Upon observing a cross or a high percentage the appropriate spectra should be examined and a decision made as to whether a further technical replicate should be produced. A few examples corresponding to Table 1 are shown in Figure 4. Here 5 duplicate spectra are shown both overlaid (on the same pair of axes) and adjacent to each other horizontally on separate axes. This is an example of the functionality afforded by the web tool which allows visual examination of duplicate spectra in a number of ways. This allows any spectra to be carefully and thoroughly examined.

Figure 4
figure 4

Duplicate proteomic profiles (technical replicates) of 5 biological samples in the study. In the left hand panel the first technical replicate is shown with the black solid line and the second technical replicate with the red dotted line and in the right hand panel the second technical replicate is shown with the black solid line and the first technical replicate with the red dotted line. The axes are equivalent in each plot and the mass axes apply to all plots.

The five example duplicate pairs of technical replicates in Figure 4 show a full range of situations identified by the QC tool. Sample 3965 is an example of a biological replicate with two very good technical replicates. In this case no parameters were flagged in any of the mass segments and also none of the peaks in any of the mass segments are declared as being significantly different. The final row of Figure 4 shows the other extreme with the first technical replicate of sample 4344 having no high intensity peaks and only some sinusoidal noise in the region 2–4 kDa whereas the second technical replicate produced a full spectrum. The row of Table 1 representing sample 4344 directly shows what can be seen in the plot of the spectra. In the mass segment between 2 and 4 kDa where there are few peaks, the TIC, normalised TIC and total number of peaks are not flagged as being different, but a problem is identified by the cross in the column indicating the total intensity of peaks and the 6% of peaks which are significantly different between the two spectra. The other three mass segments showed the problem more immediately with red crosses indicating problems in all of these segments which can be clearly seen in the final row of Figure 1. The malfunction in the replicate showing no spectrum was attributed to chip surface malfunction. The second and fourth rows of Figure 4, representing technical replicates for samples 4000 and 4021, show more subtle differences identified by the QC tool. Sample 4000 is not flagged by any of the QC parameters in any of the four mass segments. Instead it is the percentage of peaks which are significantly different that are flagged in 3 out of 4 mass segments.
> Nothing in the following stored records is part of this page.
(* Let $\beta\in(0,1/2)$, $N=2^n$, $\delta_N=2^{-N^\beta}$. Let $(U,V,X,Z)$ be random variables with $U,V\in\{0,1\}$ and $X,Z$ taking values in finite alphabets $\mathcal X,\mathcal Z$, and let $P=P_{U^NV^NX^NZ^N}$ be the distribution of $N$ i.i.d. copies of $(U,V,X,Z)$. Put $T^N=V^NG_N$ and $$\mathcal H_{V|U,Z}=\{i\in[N]:\ Z(T_i\mid T^{i-1},U^N,Z^N)\ge 1-\delta_N\},$$ computed under $P$. Let $Q$ be any distribution on $\{0,1\}^N\times\{0,1\}^N\times\mathcal X^N\times\mathcal Z^N$ of $(U^N,V^N,X^N,Z^N)$ with $\|P-Q\|_1\le 2N2^{-N^\beta}$, and under $Q$ set $T^N=V^NG_N$. Let $\mathcal I\subseteq\mathcal H_{V|U,Z}$ and $\mathcal A\subseteq\mathcal I$, and write $T[\mathcal S]=(T_i)_{i\in\mathcal S}$. Then, with mutual information computed under $Q$, $$I\big(T[\mathcal I\setminus\mathcal A];\,T[\mathcal A],U^N,Z^N\big)=O\big(N^3 2^{-N^\beta}\big),$$ with implied constant depending only on $|\mathcal Z|$ (for all sufficiently large $N$).
   Context: $G_N=B_NF^{\otimes n}$ is Arıkan's polarizing matrix over $\mathbb F_2$: $F=\begin{pmatrix}1&0\\1&1\end{pmatrix}$, $\otimes$ is the Kronecker product and $B_N$ is the bit-reversal permutation matrix. For a binary random variable $A$ and a discrete random variable $B$, $Z(A\mid B)=2\sum_b P_B(b)\sqrt{P_{A|B}(0|b)P_{A|B}(1|b)}$. $T^{i-1}=(T_1,\dots,T_{i-1})$, $[N]=\{1,\dots,N\}$, $\|\cdot\|_1$ is the $\ell_1$ distance between distributions, logarithms are base 2. *)

theory Defs
  imports Complex_Main "HOL-Library.FuncSet"
begin
lemma image_power: "(^) \<omega> ` {..<n} = UNIV - {0}"
proof
  show "(^) \<omega> ` {..<n} \<subseteq> UNIV - {0}"
    using primitive_nonzero by auto
  show "UNIV - {0} \<subseteq> (^) \<omega> ` {..<n}"
  proof
    fix x :: 'a
    assume "x \<in> UNIV - {0}"
    then obtain k where "\<omega> ^ k = x"
      using primitive by (auto simp: primitive_elem_def)
    then have "x = \<omega> ^ (k mod n)" and "k mod n < n"
      using power_mod_n n_pos by simp_all
    then show "x \<in> (^) \<omega> ` {..<n}"
      by blast
  qed
qed

lemma power_eq_power_iff: "\<omega> ^ a = \<omega> ^ b \<longleftrightarrow> a mod n = b mod n"
proof -
  have "inj_on ((^) \<omega>) {..<n}"
    by (rule eq_card_imp_inj_on) (simp_all add: image_power card_Diff_singleton card_UNIV)
  then have "\<omega> ^ (a mod n) = \<omega> ^ (b mod n) \<longleftrightarrow> a mod n = b mod n"
    using n_pos by (auto dest: inj_onD)
  then show ?thesis
    by (simp add: power_mod_n)
qed

lemma power_eq_1_iff: "\<omega> ^ a = 1 \<longleftrightarrow> n dvd a"
  using power_eq_power_iff[of a 0] by (simp add: dvd_eq_mod_eq_0)

text \<open>\<open>dlog x\<close> is determined only modulo \<open>n\<close>, and is arbitrary for \<open>x = 0\<close>.\<close>

definition dlog :: "'a \<Rightarrow> nat" where
  "dlog x = (SOME e. \<omega> ^ e = x)"

lemma power_dlog: "x \<noteq> 0 \<Longrightarrow> \<omega> ^ dlog x = x"
  unfolding dlog_def using primitive by (auto simp: primitive_elem_def intro: someI_ex)

lemma zero_notin_cyc: "0 \<notin> cyc \<omega> N i"
  using primitive_nonzero by (auto simp: cyc_def)

lemma power_mem_cyc_iff:
  assumes "N dvd n"
  shows "\<omega> ^ e \<in> cyc \<omega> N i \<longleftrightarrow> e mod N = i mod N"
proof
  assume "\<omega> ^ e \<in> cyc \<omega> N i"
  then obtain k where "e mod n = (i + N * k) mod n"
    by (auto simp: cyc_def power_eq_power_iff)
  then have "e mod N = (i + N * k) mod N"
    using assms by (metis mod_mod_cancel)
  then show "e mod N = i mod N"
    by simp
next
  assume e: "e mod N = i mod N"
  from assms obtain c where "n = N * c"
    by (elim dvdE)
  then have "(e + n * i) mod N = i mod N"
    using e by (simp add: mult.assoc)
  moreover have "i \<le> e + n * i"
    using n_pos by (metis Suc_leI mult_le_mono1 mult_1 trans_le_add2 One_nat_def)
  ultimately obtain k where k: "e + n * i = i + N * k"
    by (rule mod_eq_nat1E)
  have "\<omega> ^ e = \<omega> ^ (e + n * i)"
    by (simp add: power_eq_power_iff)
  then show "\<omega> ^ e \<in> cyc \<omega> N i"
    unfolding k cyc_def by blast
qed

lemma mem_cyc_iff: "N dvd n \<Longrightarrow> x \<in> cyc \<omega> N i \<longleftrightarrow> x \<noteq> 0 \<and> dlog x mod N = i mod N"
  by (metis power_dlog power_mem_cyc_iff zero_notin_cyc)

lemma cyc_cong: "N dvd n \<Longrightarrow> i mod N = j mod N \<Longrightarrow> cyc \<omega> N i = cyc \<omega> N j"
  by (auto simp: mem_cyc_iff)

lemma cyc_disjoint: "N dvd n \<Longrightarrow> i mod N \<noteq> j mod N \<Longrightarrow> cyc \<omega> N i \<inter> cyc \<omega> N j = {}"
  by (auto simp: mem_cyc_iff)
section \<open>Coding the set by reference points\<close>

definition defines_set :: "nat \<Rightarrow> bool list set \<Rightarrow> fo_formula \<Rightarrow> bool" where
  "defines_set n A \<phi> \<longleftrightarrow>
     is_sentence \<phi> \<and> (\<forall>w\<in>A. models w \<phi>) \<and> (\<forall>w. length w = n \<and> w \<notin> A \<longrightarrow> \<not> models w \<phi>)"

lemma injective_code_exists:
  assumes "finite A" "card A \<le> s ^ q"
  shows "\<exists>code. code ` A \<subseteq> {..<q} \<rightarrow>\<^sub>E {..<s} \<and> inj_on code A"
  using card_le_inj[OF assms(1), of "{..<q} \<rightarrow>\<^sub>E {..<s}"] assms(2) by (simp add: card_PiE finite_PiE)

lemma selected_code_unique:
  assumes "inj_on b {..<s}" "code ` A \<subseteq> {..<q} \<rightarrow>\<^sub>E {..<s}" "inj_on code A" "w0 \<in> A" "w1 \<in> A"
    and "\<forall>i<q. b (s + i) = b (code w0 i)" "\<forall>i<q. b (s + i) = b (code w1 i)"
  shows "w0 = w1"
proof -
  have "code w0 i = code w1 i" if "i < q" for i
    using assms that inj_onD[OF assms(1), of "code w0 i" "code w1 i"] by (force simp: PiE_iff)
  moreover have "code w0 \<in> {..<q} \<rightarrow>\<^sub>E {..<s}" "code w1 \<in> {..<q} \<rightarrow>\<^sub>E {..<s}"
    using assms(2,4,5) by auto
  ultimately have "code w0 = code w1"
    by (intro PiE_ext[of _ "{..<q}" "\<lambda>_. {..<s}"]) auto
  with assms(3-5) show ?thesis
    by (simp add: inj_on_eq_iff)
qed

definition coded_matrix :: "nat \<Rightarrow> nat \<Rightarrow> bool list set \<Rightarrow> (bool list \<Rightarrow> nat \<Rightarrow> nat) \<Rightarrow> nat \<Rightarrow> nat \<Rightarrow>
    (fo_formula \<Rightarrow> bool) \<Rightarrow> bool" where
  "coded_matrix s q A code m n h \<longleftrightarrow>
     (\<forall>i<s. \<forall>j<s. i \<noteq> j \<longrightarrow> \<not> h (FEq (FVar i) (FVar j))) \<and>
     (\<exists>w0\<in>A. (\<forall>i<q. h (FEq (FVar (s + i)) (FVar (code w0 i)))) \<and>
        segment_check h w0 (s + q) m 1 n FMin FMax)"
(* Let $d \ge 1$. Given $\varepsilon > 0$ and $0 < \delta < 1$, there exists $k \in \mathbb{N}$ such that for any sequence of linear isomorphisms $L_1, \ldots, L_n : \mathbb{R}^d \to \mathbb{R}^d$ with $n \ge k$, there exists $\tau_0 > 0$ such that for every $0 < \tau < \tau_0$ the following holds. Define the boxes $$U_0 = [-1,1]^{d-1} \times [-\tau,\tau],\quad V_0 = [-(1-\delta),1-\delta]^{d-1} \times [-(1-\delta)\tau,(1-\delta)\tau],\quad W_0 = [-1,1]^{d-1}\times[-\delta\tau,\delta\tau],$$ and for $1 \le i \le n$ let $U_i = L_i^{-1}U_{i-1}$, $V_i = L_i^{-1}V_{i-1}$, $W_i = L_i^{-1}W_{i-1}$. Then there exist $C^1$ diffeomorphisms $H_1, \ldots, H_n : \mathbb{R}^d \to \mathbb{R}^d$ such that each $H_i$ has derivative $\varepsilon$-close to the identity (i.e. $\|DH_i(x) - \mathrm{id}\| \le \varepsilon$ for all $x$), $H_i = \mathrm{id}$ outside $U_i$, and for all $i$ with $k \le i \le n$, $$L_{i-k+1}\circ H_{i-k+1}\circ\cdots\circ L_{i-1}\circ H_{i-1}\circ L_i\circ H_i(V_i) \subset W_{i-k}.$$ Moreover, the $H_i$ can be chosen so that for each $1 \le i \le n$, $H_i$ depends only on $\varepsilon$, $\delta$, $\tau$ and $L_1, \ldots, L_i$ (and not on $L_{i+1}, \ldots, L_n$). *)

theory Defs
  imports "HOL-Analysis.Analysis"
begin

text \<open>Boxes in R^d = real^'n, where the coordinate j plays the role of the
  last coordinate: [-a,a]^(d-1) x [-b,b].\<close>
definition jbox :: "'n::finite \<Rightarrow> real \<Rightarrow> real \<Rightarrow> (real^'n) set" where
  "jbox j a b = {x. (\<forall>i. i \<noteq> j \<longrightarrow> \<bar>x $ i\<bar> \<le> a) \<and> \<bar>x $ j\<bar> \<le> b}"

fun iter_pre :: "(nat \<Rightarrow> 'a \<Rightarrow> 'a) \<Rightarrow> 'a set \<Rightarrow> nat \<Rightarrow> 'a set" where
  "iter_pre L S 0 = S"
| "iter_pre L S (Suc i) = L (Suc i) -` iter_pre L S i"

fun chain :: "(nat \<Rightarrow> 'a \<Rightarrow> 'a) \<Rightarrow> (nat \<Rightarrow> 'a \<Rightarrow> 'a) \<Rightarrow> nat \<Rightarrow> nat \<Rightarrow> 'a \<Rightarrow> 'a" where
  "chain L H a 0 = id"
| "chain L H a (Suc m) = chain L H a m \<circ> (L (a + m) \<circ> H (a + m))"

definition C1_map :: "(real^'n::finite \<Rightarrow> real^'n) \<Rightarrow> bool" where
  "C1_map f \<longleftrightarrow> (\<exists>f' :: real^'n \<Rightarrow> ((real^'n) \<Rightarrow>\<^sub>L (real^'n)).
      (\<forall>x. (f has_derivative blinfun_apply (f' x)) (at x)) \<and> continuous_on UNIV f')"

definition C1_diffeo :: "(real^'n::finite \<Rightarrow> real^'n) \<Rightarrow> bool" where
  "C1_diffeo f \<longleftrightarrow> bij f \<and> C1_map f \<and> C1_map (inv f)"

definition deriv_close :: "real \<Rightarrow> (real^'n::finite \<Rightarrow> real^'n) \<Rightarrow> bool" where
  "deriv_close e f \<longleftrightarrow> (\<forall>x D. (f has_derivative D) (at x) \<longrightarrow> onorm (\<lambda>v. D v - v) \<le> e)"

end

(*
  Write A_i = L_1 o ... o L_i, so that U_i is the preimage of U_0 under A_i, and let j be the
  distinguished coordinate. In the coordinates y = A_i x, the map H_i moves y by
  -c psi(y) (A_i w_i), where w_i is the shortest vector with (A_i w_i)_j = 1 and psi is a C^1
  cut-off that equals y_j on the box [-r, r]^(d-1) x [-r' tau, r' tau], with r = 1 - delta/2
  and r' = 1 - delta, and vanishes outside U_0. On that box a step multiplies y_j by 1 - c and
  moves the other coordinates by at most c r' tau M, where M bounds the coordinates of the A_i w_i.
  After k steps with (1 - c)^k < delta, the j-th coordinate of a point of V_i has dropped below
  delta tau, while the other coordinates have drifted by at most k c tau M, which is small once
  tau is. The derivative of H_i - id has norm at most c (1 + sup |bump'|) + O(tau), which is
  below epsilon for c and tau small; and x - phi(x) w is a C^1 diffeomorphism as soon as
  Lip(phi) |w| < 1, by the contraction principle. H_i depends on A_i only.
*)

theory Submission
  imports Defs
begin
This is quite a common phenomenon which we believe is due to the difference in technical replicates being localised in very sharp peaks in the mass spectra which have a very minor area (in an integral sense) and hence not a large effect on the TIC or other derived QC variables. It is in this situation that the variable measuring the percentage of different peaks is most valuable. Sample 4021 shows a similar phenomenon, but localised only in the first mass segment. Sample 4008 shows a combination of these effects and is hence identified by both failure in the 4 main derived parameters and also in the percentage of peaks which are significantly different between the duplicate samples.

Final results

After full consideration of QC results 23 samples were selected as requiring a further technical replicate which were generated on 4 IMAC-Cu chips with a QC spot on each chip, as per standard protocol. The new samples were then compared with the identified poor pair of technical replicates and the best pair of these three technical replicates selected for use in subsequent analysis.

A further example

Figure 5 shows results for the CM10 ProteinChip part of the study of renal function. These plots are similar to those in Figure 1 which were described in Section 3.1 in that they are the results of the chip-to-chip QC. The equivalents figures for these results as Figure 1(A) and Figure 1(B) fail to show any systematic bias according to chip and spot. However, Figure 4(A) is different to the previously described experiment (c.f. Figure 1(C)) in that there are a number of projections of spectra which can be found on the edge of the three dimensional PCs space denoted by this panel of plots. In particular the QC spectra from chips 3, 5, 8, 9, 19 and 27 appear to be on the extremes of the space in all three plots. Additionally, these plots were shown to have Mahalanobis distances significantly different from zero in 6 dimensional PC space (p < 0.05, data not shown). In Figure 5(B) each of these spectra is shown along with the mean spectra formed by taking the mean over all data points from the spectra which make up the reference set (referred to in the legend as the reference spectrum). Spectra 3 and 5 quite clearly show a decrease in intensity to that observed in the reference spectrum in some of the larger peaks in conjunction with an increase in sinusoidal noise in the region between 2 and 4 kDa, making it apparent why these have been flagged by QC. Spectra 8, 9 and 19 are interesting in that they show a possibility of a drift in the calibration of the machine, evident in the larger peaks between 8 and 10 kDa. In spectra 9 and 19 this is exacerbated by a drop in the intensity in the 6–7 kDa region. Spectrum 27 similarly has a decreased intensity in some peaks, but not in the same manner as those in the other examples shown here. This demonstrates the flexibility of the PCA approach to QC identifying many different kinds of aberrant behaviour in the spectra through one device.

Figure 5
figure 5

Selected QC tool output for section of study of patients with different levels of renal function using CM10 ProteinChips. Panel (A) is similar to Figure 1 panel (C). Panel (B) shows the mean spectra obtained from samples in the reference set and also individual spectra which appear to be on the edge of the PC space in the PC plots in panel (A).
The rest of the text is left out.